Вдруг один из манекенов в витрине подмигивает Максу:

— Это же надо было умудриться быть таким дураком? —  говорит  манекен голосом Виктора.

Макс хочет ответить, но не успевает: огромная крылатая тень врезается

в стекло витрины. Виктор взвизгивает и убегает. Крылатая тень слабо бьется на хрустальном ковре, пачкая осколки кровью.

— Ведь я летел, правда? Ведь летел? Я долго летел. Я бы еще мог долго летать… Просто крыло подвернулось… — хрипит Дитрих.

— Теперь подохнет, — говорит Прайс с холодным равнодушием  взирая  на истекающего кровью Дитриха.

— Выживет, — неуверенно возражает Макс. — Они, писатели — живучие.  А

впрочем…

Мимо проходит Каролайн.

— А эта до сих  пор  жива…  Странно,  —  Прайс  провожает  Каролайн задумчивым взглядом и поправляет на плече автомат.

— У нее тринадцатый номер, —  говорит  бесшумно  возникший  из  мрака Харди и вопросительно смотрит на Макса.

— СОРОК ДЕВЯТЫЙ, — спокойно отвечает Макс на немой вопрос.

— Прекрасно! — кивает Харди, и легко подпрыгнув,  взмывает  в  ночное небо, спокойно и уверенно работая огромными крыльями.

Автоматная очередь разбивает тишину на множество несуразных осколков.

— Напрасно, вы так, — укоризненно  говорит  Прайсу  Макс,  глядя  как медленно заваливаясь на левое крыло начинает падать Харди.

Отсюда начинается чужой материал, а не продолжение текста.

lemma mat_eq_smult_outer_mat:
  fixes A :: "complex mat"
  assumes A: "A \<in> carrier_mat m m" and w: "w \<in> carrier_vec m" and w_nz: "w \<noteq> 0\<^sub>v m"
    and kernel: "\<And>x. x \<in> carrier_vec m \<Longrightarrow> x \<bullet>c w = 0 \<Longrightarrow> A *\<^sub>v x = 0\<^sub>v m"
    and range: "\<And>x y. x \<in> carrier_vec m \<Longrightarrow> y \<in> carrier_vec m \<Longrightarrow> x \<bullet>c w = 0 \<Longrightarrow> (A *\<^sub>v y) \<bullet>c x = 0"
  obtains c where "A = c \<cdot>\<^sub>m outer_mat w"
proof -
  define wn where "wn = w \<bullet>c w"
  have wn: "wn \<noteq> 0" "cnj wn = wn"
    unfolding wn_def using w w_nz conjugate_conjugate_sprod[OF w w] conjugate_vec_sprod_comm[OF w w]
    by auto
  define coeff where "coeff x = (x \<bullet>c w) / wn" for x
  define proj where "proj x = x - coeff x \<cdot>\<^sub>v w" for x
  have proj: "proj x \<in> carrier_vec m" "proj x \<bullet>c w = 0" if x: "x \<in> carrier_vec m" for x
    using x w wn unfolding proj_def coeff_def wn_def
    by (auto simp: minus_scalar_prod_distrib[of _ m])
  have A_mult: "A *\<^sub>v x = coeff x \<cdot>\<^sub>v (A *\<^sub>v w)" if x: "x \<in> carrier_vec m" for x
  proof -
    have "x = proj x + coeff x \<cdot>\<^sub>v w" by (rule eq_vecI) (use x w in \<open>auto simp: proj_def\<close>)
    then have "A *\<^sub>v x = A *\<^sub>v proj x + coeff x \<cdot>\<^sub>v (A *\<^sub>v w)"
      using A w proj(1)[OF x] by (metis mult_add_distrib_mat_vec mult_mat_vec smult_carrier_vec)
    then show ?thesis using kernel[OF proj[OF x]] A w by simp
  qed
  define beta where "beta = coeff (A *\<^sub>v w)"
  have Aw: "(A *\<^sub>v w) $ i = beta * w $ i" if i: "i < m" for i
  proof -
    have e: "unit_vec m i \<in> carrier_vec m" by simp
    have "0 = (A *\<^sub>v w) \<bullet>c proj (unit_vec m i)" using range[OF proj(1)[OF e] w proj(2)[OF e]] by simp
    also have "\<dots> = (A *\<^sub>v w) $ i - cnj (coeff (unit_vec m i)) * ((A *\<^sub>v w) \<bullet>c w)"
      using A w i cscalar_prod_unit_vec_right[of "A *\<^sub>v w" m i] unfolding proj_def
      by (simp add: cscalar_prod_minus_smult_right[of _ m])
    also have "cnj (coeff (unit_vec m i)) = w $ i / wn" using w i wn unfolding coeff_def by simp
    finally show ?thesis unfolding beta_def coeff_def by (simp add: field_simps)
  qed
  have "A = (beta / wn) \<cdot>\<^sub>m outer_mat w"
  proof (rule eq_matI)
    fix i j assume "i < dim_row ((beta / wn) \<cdot>\<^sub>m outer_mat w)" "j < dim_col ((beta / wn) \<cdot>\<^sub>m outer_mat w)"
    then have i: "i < m" and j: "j < m" using w unfolding outer_mat_def by auto
    have "A $$ (i,j) = (A *\<^sub>v unit_vec m j) $ i" using A i j by simp
    also have "\<dots> = coeff (unit_vec m j) * (A *\<^sub>v w) $ i" using A_mult[of "unit_vec m j"] A w i by simp
    finally show "A $$ (i,j) = ((beta / wn) \<cdot>\<^sub>m outer_mat w) $$ (i,j)"
      using Aw[OF i] i j w unfolding coeff_def outer_mat_def by simp
  qed (use A w in \<open>auto simp: outer_mat_def\<close>)
  then show ?thesis by (rule that)
qed

section \<open>Partial trace and extremal points\<close>

lemma mult_add_less_mult: "a < (dK::nat) \<Longrightarrow> i < dH \<Longrightarrow> a * dH + i < dK * dH"
  using mult_le_mono1[of "Suc a" dK dH] by simp

lemma ptrace_K_smult:
  assumes R: "R \<in> carrier_mat (dK * dH) (dK * dH)"
  shows "ptrace_K dK dH (c \<cdot>\<^sub>m R) = c \<cdot>\<^sub>m ptrace_K dK dH R"
  by (rule eq_matI) (use R in \<open>auto simp: ptrace_K_def sum_distrib_left mult_add_less_mult\<close>)

lemma ptrace_K_psd_eq_0:
  assumes psd: "psd (dK * dH) R" and zero: "ptrace_K dK dH R = 0\<^sub>m dH dH"
  shows "R = 0\<^sub>m (dK * dH) (dK * dH)"
proof -
  have R: "R \<in> carrier_mat (dK * dH) (dK * dH)" using psd unfolding psd_def by auto
  have diag_nonneg: "0 \<le> R $$ (j,j)" if j: "j < dK * dH" for j
  proof -
    have "(R *\<^sub>v unit_vec (dK * dH) j) \<bullet>c unit_vec (dK * dH) j = R $$ (j,j)"
      using cscalar_prod_unit_vec_right[of "R *\<^sub>v unit_vec (dK * dH) j" "dK * dH" j] R j by simp
    then show ?thesis using psd unfolding psd_def by (metis unit_vec_carrier)
  qed
  have diag: "R $$ (j,j) = 0" if j: "j < dK * dH" for j
  proof -
    have dH: "0 < dH" using j by (cases dH) auto
    define a i where "a = j div dH" and "i = j mod dH"
    have a: "a < dK" and i: "i < dH" and j_eq: "j = a * dH + i"
      using j dH unfolding a_def i_def by (auto simp: less_mult_imp_div_less)
    have "(\<Sum>b<dK. R $$ (b * dH + i, b * dH + i)) = 0"
      using arg_cong[OF zero, of "\<lambda>K. K $$ (i,i)"] i unfolding ptrace_K_def by simp
    moreover have "\<forall>b\<in>{..<dK}. 0 \<le> R $$ (b * dH + i, b * dH + i)"
      using diag_nonneg i mult_add_less_mult by blast
    ultimately have "\<forall>b\<in>{..<dK}. R $$ (b * dH + i, b * dH + i) = 0"
      using sum_nonneg_eq_0_iff[of "{..<dK}" "\<lambda>b. R $$ (b * dH + i, b * dH + i)"] by simp
    then show ?thesis using a j_eq by auto
  qed
  show ?thesis
  proof (rule eq_matI)
    fix r j assume "r < dim_row (0\<^sub>m (dK * dH) (dK * dH))" "j < dim_col (0\<^sub>m (dK * dH) (dK * dH))"
    then have r: "r < dK * dH" and j: "j < dK * dH" by auto
    have "(R *\<^sub>v unit_vec (dK * dH) j) \<bullet>c unit_vec (dK * dH) j = 0"
      using cscalar_prod_unit_vec_right[of _ "dK * dH" j] R j diag[OF j] by simp
    then have "R *\<^sub>v unit_vec (dK * dH) j = 0\<^sub>v (dK * dH)"
      using psd_form_zero_imp_kernel[OF psd] by simp
    moreover have "R $$ (r,j) = (R *\<^sub>v unit_vec (dK * dH) j) $ r" using R r j by simp
    ultimately show "R $$ (r,j) = 0\<^sub>m (dK * dH) (dK * dH) $$ (r,j)" using r j by simp
  qed (use R in auto)
qed

lemma smult_eq_if_ptrace_K_eq:
  fixes Q :: "complex mat"
  assumes Q: "Q \<in> carrier_mat (dK * dH) (dK * dH)"
    and eq: "ptrace_K dK dH (a \<cdot>\<^sub>m Q) = ptrace_K dK dH (b \<cdot>\<^sub>m Q)"
    and nz: "ptrace_K dK dH (b \<cdot>\<^sub>m Q) \<noteq> 0\<^sub>m dH dH"
  shows "a \<cdot>\<^sub>m Q = b \<cdot>\<^sub>m Q"
proof -
  have "ptrace_K dK dH Q \<noteq> 0\<^sub>m dH dH" using nz unfolding ptrace_K_smult[OF Q] by auto
  moreover have "ptrace_K dK dH Q \<in> carrier_mat dH dH" unfolding ptrace_K_def by simp
  ultimately have "a = b" using smult_mat_cancel eq unfolding ptrace_K_smult[OF Q] by blast
  then show ?thesis by simp
qed

lemma convex_comb_nonneg_eq_0:
  fixes a b :: complex and t :: real
  assumes "0 \<le> a" "0 \<le> b" "0 < t" "t < 1" "complex_of_real t * a + complex_of_real (1 - t) * b = 0"
  shows "a = 0"
proof -
  have a: "0 \<le> Re a" "Im a = 0" and b: "0 \<le> Re b" using assms(1,2) by (auto simp: less_eq_complex_def)
  have "t * Re a + (1 - t) * Re b = 0" using arg_cong[OF assms(5), of Re] by simp
  moreover have "0 \<le> t * Re a" "0 \<le> (1 - t) * Re b" using a b assms(3,4) by simp_all
  ultimately have "t * Re a = 0" by linarith
  then show ?thesis using a assms(3) by (simp add: complex_eq_iff)
qed

text \<open>The positive semidefinite matrices whose quadratic form vanishes on S form a face of the cone.\<close>

lemma extremal_inI_psd_face:
  assumes psd: "\<And>A. A \<in> C \<Longrightarrow> psd n A" and R: "R \<in> C" and S: "S \<subseteq> carrier_vec n"
    and R_S: "\<And>v. v \<in> S \<Longrightarrow> (R *\<^sub>v v) \<bullet>c v = 0"
    and unique: "\<And>A. A \<in> C \<Longrightarrow> (\<And>v. v \<in> S \<Longrightarrow> (A *\<^sub>v v) \<bullet>c v = 0) \<Longrightarrow> A = R"
  shows "extremal_in C R"
  unfolding extremal_in_def
proof (intro conjI[OF R] ballI allI impI)
  fix R1 R2 t assume R1: "R1 \<in> C" and R2: "R2 \<in> C"
    and comb: "0 < t \<and> t < 1 \<and> R = complex_of_real t \<cdot>\<^sub>m R1 + complex_of_real (1 - t) \<cdot>\<^sub>m R2"
  have carrier: "R1 \<in> carrier_mat n n" "R2 \<in> carrier_mat n n"
    using psd[OF R1] psd[OF R2] unfolding psd_def by auto
  have "(R1 *\<^sub>v v) \<bullet>c v = 0 \<and> (R2 *\<^sub>v v) \<bullet>c v = 0" if v: "v \<in> S" for v
  proof -
    have vc: "v \<in> carrier_vec n" using v S by auto
    have "complex_of_real t * ((R1 *\<^sub>v v) \<bullet>c v) + complex_of_real (1 - t) * ((R2 *\<^sub>v v) \<bullet>c v) = 0"
      using R_S[OF v] comb carrier vc
      by (simp add: add_mult_distrib_mat_vec[of _ n n] smult_mat_mult_vec[of _ n n]
          add_scalar_prod_distrib[of _ n])
    moreover have "0 \<le> (R1 *\<^sub>v v) \<bullet>c v" "0 \<le> (R2 *\<^sub>v v) \<bullet>c v"
      using psd[OF R1] psd[OF R2] vc unfolding psd_def by auto
    ultimately show ?thesis
      using convex_comb_nonneg_eq_0[of _ _ t] convex_comb_nonneg_eq_0[of _ _ "1 - t"] comb
      by (simp add: add.commute)
  qed
  then show "R1 = R \<and> R2 = R" using unique R1 R2 by blast
qed

lemma extremal_in_C_set_if_face_on_ray:
  fixes R Q :: "complex mat"
  assumes R: "R \<in> C_set dK dH W n d m K0" and R_nz: "R \<noteq> 0\<^sub>m (dK * dH) (dK * dH)"
    and S: "S \<subseteq> carrier_vec (dK * dH)" and R_S: "\<And>v. v \<in> S \<Longrightarrow> (R *\<^sub>v v) \<bullet>c v = 0"
    and Q: "Q \<in> carrier_mat (dK * dH) (dK * dH)"
    and on_ray: "\<And>A. A \<in> C_set dK dH W n d m K0 \<Longrightarrow> (\<And>v. v \<in> S \<Longrightarrow> (A *\<^sub>v v) \<bullet>c v = 0)
      \<Longrightarrow> \<exists>c. A = c \<cdot>\<^sub>m Q"
  shows "extremal_in (C_set dK dH W n d m K0) R"
proof (rule extremal_inI_psd_face[OF _ R S R_S])
  show "psd (dK * dH) A" if "A \<in> C_set dK dH W n d m K0" for A using that unfolding C_set_def by blast
  fix A assume A: "A \<in> C_set dK dH W n d m K0" and A_S: "\<And>v. v \<in> S \<Longrightarrow> (A *\<^sub>v v) \<bullet>c v = 0"
  obtain c where c: "A = c \<cdot>\<^sub>m Q" using on_ray[OF A A_S] by blast
  obtain c0 where c0: "R = c0 \<cdot>\<^sub>m Q" using on_ray[OF R R_S] by blast
  have traces: "ptrace_K dK dH A = ptrace_K dK dH R" using A R unfolding C_set_def by simp
  have "ptrace_K dK dH R \<noteq> 0\<^sub>m dH dH" using ptrace_K_psd_eq_0 R R_nz unfolding C_set_def by blast
  then show "A = R" using smult_eq_if_ptrace_K_eq[OF Q] traces unfolding c c0 by blast
qed

definition block_embed :: "nat \<Rightarrow> nat \<Rightarrow> 'a :: zero vec \<Rightarrow> 'a vec" where
  "block_embed N s x = vec N (\<lambda>i. if s \<le> i \<and> i < s + dim_vec x then x $ (i - s) else 0)"

lemma block_embed_carrier [simp]: "block_embed N s x \<in> carrier_vec N"
  unfolding block_embed_def by simp

lemma dim_vec_block_embed [simp]: "dim_vec (block_embed N s x) = N"
  unfolding block_embed_def by simp

lemma block_embed_0_vec: "block_embed N s (0\<^sub>v n) = 0\<^sub>v N"
  unfolding block_embed_def by (rule eq_vecI) auto

lemma block_embed_0_eq_append: "x \<in> carrier_vec n1 \<Longrightarrow> block_embed (n1 + n2) 0 x = x @\<^sub>v 0\<^sub>v n2"
  unfolding block_embed_def by (rule eq_vecI) auto

lemma block_embed_shift_eq_append: "block_embed (n1 + n2) (n1 + s) x = 0\<^sub>v n1 @\<^sub>v block_embed n2 s x"
  unfolding block_embed_def by (rule eq_vecI) auto

lemma block_embed_block_embed:
  "dim_vec x \<le> n \<Longrightarrow> block_embed N s (block_embed n 0 x) = block_embed N s x"
  unfolding block_embed_def by (rule eq_vecI) auto

lemma block_embed_cscalar_prod:
  fixes x y :: "complex vec"
  assumes le: "s + n \<le> N" and x: "x \<in> carrier_vec n" and y: "y \<in> carrier_vec n"
  shows "block_embed N s x \<bullet>c block_embed N s y = x \<bullet>c y"
proof -
  let ?f = "\<lambda>i. block_embed N s x $ i * cnj (block_embed N s y $ i)"
  have "block_embed N s x \<bullet>c block_embed N s y = sum ?f {0..<N}"
    unfolding scalar_prod_def by simp
  also have "\<dots> = sum ?f {s..<s + n}"
    by (rule sum.mono_neutral_right) (use le x y in \<open>auto simp: block_embed_def\<close>)
  also have "\<dots> = sum (\<lambda>b. ?f (b + s)) {0..<n}"
    using sum.shift_bounds_nat_ivl[of ?f 0 s n] by (simp add: add.commute)
  also have "\<dots> = x \<bullet>c y"
    using le x y unfolding scalar_prod_def block_embed_def by (intro sum.cong) auto
  finally show ?thesis .
qed

lemma dim_kron [simp]:
  "dim_row (kron A B) = dim_row A * dim_row B" "dim_col (kron A B) = dim_col A * dim_col B"
  unfolding kron_def by simp_all

lemma kron_smult_right: "kron A (c \<cdot>\<^sub>m B) = c \<cdot>\<^sub>m kron A B"
proof (rule eq_matI)
  fix i j assume "i < dim_row (c \<cdot>\<^sub>m kron A B)" "j < dim_col (c \<cdot>\<^sub>m kron A B)"
  then have i: "i < dim_row A * dim_row B" and j: "j < dim_col A * dim_col B" by auto
  then have "i mod dim_row B < dim_row B" "j mod dim_col B < dim_col B"
    by (metis mod_less_divisor mult_0_right neq0_conv not_less_zero)+
  then show "kron A (c \<cdot>\<^sub>m B) $$ (i, j) = (c \<cdot>\<^sub>m kron A B) $$ (i, j)"
    using i j unfolding kron_def by simp
qed simp_all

— Для него  так  будет  лучше,  —  спокойно  говорит  Прайс,  любовно поглаживая ствол автомата.

“Игра в ОДИНОЧЕСТВО. Бег по заколдованному кругу. Бег до  изнеможения До смерти. ОДИНОЧЕСТВО!” — Макс тяжело  разбегается  и,  неуклюже  взмахнув пару раз крыльями, совершенно вялыми и атрофировавшимися,  неожиданно  для самого себя начинает подниматься. Рядом иронически ухмыляясь летит Прайс.

— А теперь профессор, делайте как я! — яростно  выкрикивает  Прайс  и, сложив крылья камнем, падает  на  булыжную  мостовую.  Под  ним  появляется огромное ЧЕРНОЕ пятно. Пятно начинает  медленно  расползаться,  захватывая все больше и больше пространства вокруг.  И  когда  пятно  становится  уже совершенно  беззастенчиво  бесстыжим  и  всеобъемлющим,  Макс складывает крылья…

И подступает мрак. ЧЕРНОЕ.

 

— ЧЕРНОЕ! — объявляет Харди.

Дитрих вздрагивает  (“Какая  нелепая  ИГРА!”),  а  Виктор  с  досадой констатирует:— Вам везет, Прайс.

— Как обычно, — откликается Прайс, и в голосе его сквозит скука.